Yep, I’m a writer…and an editor.  I have that weird disease that means I can’t read anything without putting a red pen to it.  Typographical or grammatical errors literally jump off the page of a book, an ad in a newspaper, a billboard in town…and hit me in the face.  Drives me crazy.  Drives my husband crazy that I do this, in fact.  But there you have it.  You’d think my meticulousness with the written word would translate into me being one of those people who have a very neat house and a very organized closet, right?  Well, unfortunately those two things appear to be very separate.  In fact, I’m what’s known as a “piler”.  I have “piles” everywhere: of papers, books, photos, you name it.  I’m resigned to my fate, however, and will be content with cleaning up the written word.

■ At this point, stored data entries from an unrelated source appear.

lemma two_rate_exp_bound:
  fixes a b p p0 t :: real
  assumes "0 \<le> b" "0 \<le> p0" "0 \<le> t" "b \<noteq> 2 * a"
    and growth: "exp (b * t) * p - p0 \<le> b * p0 * (exp ((b - 2 * a) * t) - 1) / (b - 2 * a)"
  shows "p \<le> p0 * (1 + b / \<bar>b - 2 * a\<bar>) * exp (- min b (2 * a) * t)"
proof -
  define M where "M = exp (- min b (2 * a) * t)"
  have e1: "exp (- b * t) \<le> M" and e2: "exp (- (2 * a) * t) \<le> M"
    using \<open>0 \<le> t\<close> by (auto simp: M_def intro: mult_right_mono)
  have "p = exp (- b * t) * (exp (b * t) * p)"
    by (simp add: exp_minus field_simps)
  also have "\<dots> \<le> exp (- b * t) * (p0 + b * p0 * (exp ((b - 2 * a) * t) - 1) / (b - 2 * a))"
    using growth by (intro mult_left_mono) auto
  also have "\<dots> = p0 * exp (- b * t) + b * p0 * ((exp (- (2 * a) * t) - exp (- b * t)) / (b - 2 * a))"
    by (simp add: field_simps flip: exp_add)
  also have "\<dots> \<le> p0 * M + b * p0 * (M / \<bar>b - 2 * a\<bar>)"
  proof (intro add_mono mult_left_mono)
    have "(exp (- (2 * a) * t) - exp (- b * t)) / (b - 2 * a)
        \<le> \<bar>exp (- (2 * a) * t) - exp (- b * t)\<bar> / \<bar>b - 2 * a\<bar>"
      by (metis abs_divide abs_ge_self)
    also have "\<dots> \<le> M / \<bar>b - 2 * a\<bar>"
    proof (rule divide_right_mono)
      show "\<bar>exp (- (2 * a) * t) - exp (- b * t)\<bar> \<le> M"
        unfolding abs_le_iff using e1 e2 exp_gt_zero[of "- b * t"] exp_gt_zero[of "- (2 * a) * t"]
        by linarith
    qed simp
    finally show "(exp (- (2 * a) * t) - exp (- b * t)) / (b - 2 * a) \<le> M / \<bar>b - 2 * a\<bar>" .
  qed (use e1 \<open>0 \<le> b\<close> \<open>0 \<le> p0\<close> in auto)
  also have "\<dots> = p0 * (1 + b / \<bar>b - 2 * a\<bar>) * M"
    by (simp add: algebra_simps)
  finally show ?thesis unfolding M_def .
qed

locale heavy_ball_PL =
  fixes F :: "'a::real_inner \<Rightarrow> real" and gradF :: "'a \<Rightarrow> 'a"
    and L \<mu> \<alpha> \<delta> :: real and x v :: "real \<Rightarrow> 'a"
  assumes F_has_derivative: "\<And>y. (F has_derivative (\<lambda>h. gradF y \<bullet> h)) (at y)"
    and gradF_lipschitz: "\<And>y z. norm (gradF y - gradF z) \<le> L * norm (y - z)"
    and Fstar_le: "\<And>y. Fstar F \<le> F y"
    and PL: "\<And>y. F y - Fstar F \<le> (1 / (2 * \<mu>)) * (norm (gradF y))\<^sup>2"
    and mu_pos: "\<mu> > 0"
    and delta_pos: "\<delta> > 0"
    and x_has_derivative: "\<And>t. 0 \<le> t \<Longrightarrow> (x has_vector_derivative v t) (at t within {0..})"
    and v_has_derivative:
      "\<And>t. 0 \<le> t \<Longrightarrow> (v has_vector_derivative - (\<alpha> *\<^sub>R v t + gradF (x t))) (at t within {0..})"
begin

definition \<gamma> :: real where "\<gamma> = \<alpha> - L / \<delta>"

definition \<beta> :: real where "\<beta> = \<delta> + 2 * L / \<delta> - \<alpha>"

definition excess :: "real \<Rightarrow> real" where "excess t = F (x t) - Fstar F"

definition lyapunov :: "real \<Rightarrow> real" where
  "lyapunov t = \<beta> * excess t + gradF (x t) \<bullet> v t + \<delta> / 2 * (v t \<bullet> v t)"

lemma excess_nonneg: "0 \<le> excess t"
  using Fstar_le by (simp add: excess_def)

lemma excess_has_derivative:
  assumes "0 \<le> t"
  shows "(excess has_real_derivative gradF (x t) \<bullet> v t) (at t within {0..})"
proof -
  have "(F has_derivative (\<lambda>h. gradF (x t) \<bullet> h)) (at (x t) within x ` {0..})"
    using F_has_derivative by (rule has_derivative_at_withinI)
  from diff_chain_within[OF x_has_derivative[OF assms, unfolded has_vector_derivative_def] this]
  have "((\<lambda>s. F (x s)) has_vector_derivative gradF (x t) \<bullet> v t) (at t within {0..})"
    by (simp add: has_vector_derivative_def o_def)
  then have "((\<lambda>s. F (x s)) has_real_derivative gradF (x t) \<bullet> v t) (at t within {0..})"
    by (simp add: has_real_derivative_iff_has_vector_derivative)
  then show ?thesis
    unfolding excess_def by (auto intro!: derivative_eq_intros)
qed
(* Let $n,k,l$ be nonnegative integers with $k+l\le n$, let $\alpha,\beta>-1$, set $\sigma=\alpha+\beta+1$, and for $h=k,\ldots,n-l$ and $i=k+l,\ldots,n$ define \[ z_{hi}=\binom{n}{h}\frac{(2i+\sigma)(k+l-n)_{i-k-l}(\alpha+2l+1)_{n-l-h}(\beta+2k+1)_{h-k}}{(\alpha+2l+1)_{i-k-l}\,(i+k+l+\sigma)_{n+1-k-l}},\qquad w_{hi}=Q_{i-k-l}(h-k;\,\beta+2k,\,\alpha+2l,\,n-k-l). \] Then for each fixed $h$ (and whenever the indices involved lie in the range $k+l\le i\le n$): \[ z_{h,k+l}=\binom{n}{h}\frac{(\alpha+2l+1)_{n-l-h}(\beta+2k+1)_{h-k}}{(2k+2l+\sigma+1)_{n-k-l}}, \] \[ z_{hi}=\frac{(2i+\sigma)(i+k+l+\alpha+\beta)(i-n-1)}{(\alpha+l+i-k)(i+n+\sigma)(2i+\alpha+\beta-1)}\,z_{h,i-1}\qquad(i=k+l+1,\ldots,n); \] and \[ w_{h,k+l}=1,\qquad w_{h,k+l+1}=1+\frac{(h-k)(2k+2l+\sigma+1)}{(k+l-n)(\beta+2k+1)}, \] \[ w_{hi}=P_h(i)\,w_{h,i-1}+S(i)\,w_{h,i-2}\qquad(i=k+l+2,\ldots,n), \] where \[ S(i)=\frac{(i-k-l-1)(i+\beta+\alpha+n)(i+l+\alpha-k-1)(2i+\beta+\alpha)}{(2i+\beta+\alpha-2)(i+k+l+\beta+\alpha)(i+k+\beta-l)(i-n-1)}, \] \[ P_h(i)=1-S(i)-\frac{(k-h)(2i+\alpha+\beta-1)_2}{(i+k+l+\alpha+\beta)(i+k+\beta-l)(i-n-1)}. \]
   Context: Pochhammer symbol: $(a)_0=1$, $(a)_j=a(a+1)\cdots(a+j-1)$. Hahn polynomials: for a nonnegative integer $N$, $a,b>-1$ and $m=0,1,\ldots,N$, $Q_m(x;a,b,N)=\sum_{j=0}^m\frac{(-m)_j(m+a+b+1)_j(-x)_j}{j!\,(a+1)_j\,(-N)_j}$. (The products $d_{hi}=z_{hi}w_{hi}$ are the coefficients of the Bernstein polynomial $B^n_h(x)=\binom nh x^h(1-x)^{n-h}$ in the basis of modified Jacobi polynomials $J_{i,k,l}^{(\alpha,\beta)}(x)=(1-x)^lx^kR^{(\alpha+2l,\beta+2k)}_{i-k-l}(x)$, $i=k+l,\ldots,n$, with $R^{(a,b)}_m$ the shifted Jacobi polynomials.) *)

theory Defs
  imports Complex_Main
begin

definition hahnQ :: "nat \<Rightarrow> real \<Rightarrow> real \<Rightarrow> real \<Rightarrow> nat \<Rightarrow> real" where
  "hahnQ m x a b N =
     (\<Sum>j=0..m. pochhammer (- real m) j * pochhammer (real m + a + b + 1) j * pochhammer (- x) j
        / (fact j * pochhammer (a + 1) j * pochhammer (- real N) j))"

definition zcoef :: "nat \<Rightarrow> nat \<Rightarrow> nat \<Rightarrow> real \<Rightarrow> real \<Rightarrow> nat \<Rightarrow> nat \<Rightarrow> real" where
  "zcoef n k l \<alpha> \<beta> h i =
     (let \<sigma> = \<alpha> + \<beta> + 1 in
      real (n choose h) *
      ((2 * real i + \<sigma>) * pochhammer (real k + real l - real n) (i - k - l)
        * pochhammer (\<alpha> + 2 * real l + 1) (n - l - h) * pochhammer (\<beta> + 2 * real k + 1) (h - k))
      / (pochhammer (\<alpha> + 2 * real l + 1) (i - k - l) * pochhammer (real i + real k + real l + \<sigma>) (n + 1 - k - l)))"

It always amazes that, even on extremely professional websites or publications, how many errors you’ll actually find.  Or simply poorly written copy.  Maybe people don’t know there are poor, struggling freelancers like us out there to cater to their every whim and make their written materials look fantastic??

I actually became a freelancer out of necessity, after I was laid off from my job as Managing Editor of a monthly lifestyle publication here in Phoenix, a job I loved.  But such is today’s world, with layoffs happening everywhere…and, although I had no inkling that it would affect my life, it did.

But, since I’m generally one of those “cup half full” people, I’m trying to make lemonade out of lemons, getting bits of freelance work here and there and helping my husband with his new business (Sandler Training–a fantastic sales and management training program that is 180 degrees from traditional training) by writing his web copy, press releases and so forth.

And when I don’t have freelance work, expect more blogs–at last I’ve found a way to release the words within me, whether anyone reads them or not!!!